Assumptions are a risk! Without much context, we observed that the tools accept the metadata written in the descriptions as truth, which leads to their own assumptions, some of which are beneficial, while others are not. The trick is in the prompt we give to clarify those assumptions.

As an example:
One of the pods was failing because, as an environment variable, we set up (on purpose for testing) an ActiveMQ reference variable, while the platform is using RabbitMQ.

And then, instead of using the second, it assumed that what needs to be done is to deploy ActiveMQ for the application. And as mentioned before, this was avoided and solved by providing the correct context in the prompt.

The Ugly

While trying to fix the issue, several requests were made that might not be necessary. A human would be able to detect such cases faster, or even the tool, once faced with a similar issue, learn from it and in the subsequent request not make the same mistake again.

As an example:
While solving issue one, it detected that the pod was having a problem. It first checked the pod with a get command, to later understand that a describe command was needed. On the second issue, the same applied. For the third time, I expected the describe command to be the first one tried, but it still kept the process, even though the get command didn't provide anything useful.

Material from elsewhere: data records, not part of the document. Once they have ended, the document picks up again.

theorem theorem1:
  fixes N :: nat and ii tt :: "'e::finite \<Rightarrow> nat" and Kp :: "nat \<Rightarrow> 'a::complete_space set"
    and w :: "'e \<Rightarrow> 'a \<Rightarrow> 'a" and p :: "'e \<Rightarrow> 'a \<Rightarrow> real" and a \<delta> :: real
    and xs ys :: "nat \<Rightarrow> 'a" and \<nu> :: "'a measure"
  assumes "cms N ii tt Kp w p a"
    and "\<forall>e. dini_continuous_on (Kp (ii e)) (p e)"
    and "\<delta> > 0" and "\<forall>e. \<forall>x\<in>Kp (ii e). p e x \<ge> \<delta>"
    and "\<forall>i\<in>{1..N}. xs i \<in> Kp i \<and> ys i \<in> Kp i"
    and "prob_space \<nu>" and "sets \<nu> = sets borel"
  shows "(\<exists>B. Phi w p \<nu> B = 0 \<and> (\<forall>\<sigma>. \<sigma> \<notin> B \<longrightarrow> convergent (Y ii w xs \<sigma>)))
       \<and> (\<exists>B. Phi w p \<nu> B = 0 \<and> (\<forall>\<sigma>. \<sigma> \<notin> B \<longrightarrow>
              convergent (Y ii w xs \<sigma>) \<and> convergent (Y ii w ys \<sigma>) \<and> lim (Y ii w xs \<sigma>) = lim (Y ii w ys \<sigma>)))
       \<and> (\<exists>Q :: nat \<Rightarrow> (int \<Rightarrow> 'e) set. \<exists>\<alpha> C :: real.
            (\<forall>k. dprime_closed (Q k)) \<and> (\<forall>k. Q k \<subseteq> Q (Suc k)) \<and>
            (\<lambda>k. Phi w p \<nu> (UNIV - Q k)) \<longlonglongrightarrow> 0 \<and> \<alpha> > 0 \<and> C > 0 \<and>
            (\<forall>k. \<exists>\<delta>k>0. (\<forall>\<sigma>\<in>Q k. convergent (Y ii w xs \<sigma>)) \<and>
               (\<forall>\<sigma>\<in>Q k. \<forall>\<sigma>'\<in>Q k. dprime \<sigma> \<sigma>' \<le> \<delta>k \<longrightarrow>
                  dist (lim (Y ii w xs \<sigma>)) (lim (Y ii w xs \<sigma>')) \<le> C * dprime \<sigma> \<sigma>' powr \<alpha>)))"
proof -
  interpret cms_coding N ii tt Kp w p a xs ys \<nu>
    using assms(1,5-7) by (simp add: cms_coding_def cms_coding_axioms_def cms_system_def)
  show ?thesis
    using Phi_not_Union_good convergent_lim_eq_Union_good holder_radius_good dprime_closed_good good_mono
      Phi_not_good_tendsto_0 holder_exponent_pos holder_const_pos
    by (intro conjI exI[of _ "UNIV - (\<Union>k. good k)"] exI[of _ good]) blast+
qed

end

This might be because it still needs more iterations and use on the tasks for the learning to happen, but still, it's something to consider: It will take time to adjust to the current context of the project.

Final Thoughts

Even if this sample scenario is quite basic, we hope it will help other teams to be onboarded on this new way of doing troubleshooting.

As AI continues to evolve, now is the perfect time to become familiar with it and explore how it can support our projects.

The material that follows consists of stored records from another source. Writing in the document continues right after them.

lemma is_free_resolution_reindex:
  fixes scale :: "'a::comm_ring_1 \<Rightarrow> 'n::ab_group_add \<Rightarrow> 'n"
  assumes "is_free_resolution scale B D aug"
  shows "is_free_resolution scale (\<lambda>t. \<iota> ` B t) (\<lambda>t y x. D t (inv \<iota> y) (inv \<iota> x)) (\<lambda>w. aug (w \<circ> \<iota>))"
proof -
  interpret R: free_resolution scale B D aug by (rule free_resolution.intro[OF assms])
  let ?B = "\<lambda>t. \<iota> ` B t" and ?D = "\<lambda>t y x. D t (inv \<iota> y) (inv \<iota> x)"
  have "{v \<in> fvec (?B t). matvec (?B t) (?B (t - 1)) (?D t) v = (\<lambda>_. 0)}
      = matvec (?B (Suc t)) (?B t) (?D (Suc t)) ` fvec (?B (Suc t))" if "1 \<le> t" for t
  proof -
    obtain s where t: "t = Suc s" using \<open>1 \<le> t\<close> by (cases t) auto
    show ?thesis
      unfolding t kernel_matvec_reindex image_matvec_reindex diff_Suc_1
      using R.cycles_eq_image[of "Suc s"] by (simp add: R.cycles_Suc)
  qed
  moreover have "(\<lambda>w. aug (w \<circ> \<iota>)) ` fvec (?B 0) = UNIV"
  proof -
    have "(\<lambda>w. aug (w \<circ> \<iota>)) ` fvec (?B 0) = aug ` fvec (B 0)"
      by (simp only: image_image[of aug "\<lambda>w. w \<circ> \<iota>", symmetric] comp_image_fvec)
    also have "\<dots> = UNIV" by (rule R.aug_image)
    finally show ?thesis .
  qed
  moreover have "{v \<in> fvec (?B 0). aug (v \<circ> \<iota>) = 0} = matvec (?B 1) (?B 0) (?D 1) ` fvec (?B 1)"
  proof -
    have "{v \<in> fvec (?B 0). aug (v \<circ> \<iota>) = 0} = {v \<in> fvec (?B 0). v \<circ> \<iota> \<in> R.cycles 0}"
      using comp_in_fvec by (auto simp: R.cycles_0)
    then show ?thesis by (simp only: image_matvec_reindex R.cycles_eq_image One_nat_def)
  qed
  moreover note fvec_linear_reindex[OF R.aug_linear] R.finite_B
  ultimately show ?thesis
    unfolding is_free_resolution_def dapp_eq_matvec fvec_linear_def by blast
qed

lemma minimal_cx_reindex:
  "minimal_cx J B D \<Longrightarrow> minimal_cx J (\<lambda>t. \<iota> ` B t) (\<lambda>t y x. D t (inv \<iota> y) (inv \<iota> x))"
  by (auto simp: minimal_cx_def inv_f_f[OF inj])

end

By being careful with the information we share with it, and also, considering the kind of setup we use (some projects might prefer to use their own models, rather than use the ones provided by Bedrock, for example), it can give us a lot of advantages, like

Saving a lot of time that we can use for other tasks (like designing, supervising, and meetings)
Automate tasks and focus on what really brings value to our project

One of the following steps is this second point, where the use of AI Agents will be the focus of our knowledge gathering, and later shared in a post.